## Records shown
(* Let $\tau\in\mathbb{Z}$ and let $m_1,m_2\geq 1$ be integers. Define $$n_{(m_1,m_2)}(\tau)=\frac{1}{m_1+m_2}\sum_{d\mid m_1,\ d\mid m_2}\mu(d)\,(-1)^{(m_1+m_2)(\tau+1)/d}\binom{(m_1\tau+m_1)/d-1}{m_1/d}\binom{(m_2\tau+m_2)/d}{m_2/d},$$ where $\mu$ is the Möbius function and the sum runs over positive common divisors $d$ of $m_1,m_2$. Then $n_{(m_1,m_2)}(\tau)\in\mathbb{Z}$.
   Context: For integers $b\geq 0$ and $a\in\mathbb{Z}$ the binomial coefficient is defined by: $\binom{a}{b}=1$ if $b=0$; $\binom{a}{b}$ is the usual binomial coefficient if $b\geq 1$ and $a\geq 0$; and $\binom{a}{b}=(-1)^b\binom{-a+b-1}{b}$ if $b\geq1$ and $a<0$. *)

theory Defs
  imports Complex_Main "HOL-Computational_Algebra.Primes" "HOL-Computational_Algebra.Squarefree"
begin

definition binom_int :: "int \<Rightarrow> nat \<Rightarrow> int" where
  "binom_int a b =
     (if b = 0 then 1
      else if a \<ge> 0 then int (nat a choose b)
      else (-1) ^ b * int (nat (- a + int b - 1) choose b))"

definition moebius :: "nat \<Rightarrow> int" where
  "moebius d = (if squarefree d then (-1) ^ card (prime_factors d) else 0)"

definition neg_one_pow :: "int \<Rightarrow> int" where
  "neg_one_pow k = (if even k then 1 else -1)"

definition n_DT :: "nat \<Rightarrow> nat \<Rightarrow> int \<Rightarrow> real" where
  "n_DT m1 m2 \<tau> =
     (1 / real (m1 + m2)) *
     (\<Sum>d\<in>{d. d dvd m1 \<and> d dvd m2}.
        real_of_int (moebius d
          * neg_one_pow ((int m1 + int m2) * (\<tau> + 1) div int d)
          * binom_int ((int m1 * \<tau> + int m1) div int d - 1) (m1 div d)
          * binom_int ((int m2 * \<tau> + int m2) div int d) (m2 div d)))"

end

theory Submission
  imports Defs "HOL-Number_Theory.Cong"
begin

(* Write A = m1 div d, B = m2 div d and t = tau + 1.  For tau >= 0 the d-th summand is
   mu(d) (-1)^((A+B)t) P(t,A,B) with P(t,A,B) = C(At-1,A) C(Bt,B); for tau < 0 upper negation of the
   binomial coefficients gives the same shape with m1, m2 exchanged and t = -tau.  It suffices that
   p^k divides the sum whenever p^k divides m1 + m2.

   If p does not divide both m1 and m2, every term is divisible by p^k: then p^k | A + B, p does not
   divide A, and at each of the digits 1..k a carry occurs in one of the additions A + (At-1-A) and
   B + (Bt-B), so Kummer's theorem gives p^k | P(t,A,B).

   Otherwise the Moebius function pairs each divisor e prime to p with pe, and the pair contributes
   mu(e) times a difference that vanishes modulo p^k by the congruence P(t,pA,pB) = P(t,A,B)
   (mod p^k) for p^k | p(A+B); for p = 2 the signs can differ, but then k <= 1 and -1 = 1 (mod 2).  For this, let W(n) be the product of the j <= n prime to p.  Then
   C(pn,pk) W(pk) W(p(n-k)) = C(n,k) W(pn), and modulo p^k we have W(x + M) = W(x) W(M) for
   M = p(A+B) together with a reflection formula for j -> M - j; these give
   W(pA) W(pB) W(pA(t-1)) W(pB(t-1)) = W(pAt) W(pBt), and all these W are units modulo p^k. *)

lemma less_power_base:
  fixes b :: nat assumes "2 \<le> b"
  shows "k < b ^ k"
proof -
  have "k < 2 ^ k" by (rule less_exp)
  also have "\<dots> \<le> b ^ k"
    using assms by (intro power_mono) auto
  finally show ?thesis .
qed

## Problem description
Beginning with the line that contains "W(pA) W(pB) W(pA(t-1))", retype every remaining line of the listing exactly, ending with the last one.

## Written reply
   W(pA) W(pB) W(pA(t-1)) W(pB(t-1)) = W(pAt) W(pBt), and all these W are units modulo p^k. *)

lemma less_power_base:
  fixes b :: nat assumes "2 \<le> b"
  shows "k < b ^ k"
proof -
  have "k < 2 ^ k" by (rule less_exp)
  also have "\<dots> \<le> b ^ k"
    using assms by (intro power_mono) auto
  finally show ?thesis .
qed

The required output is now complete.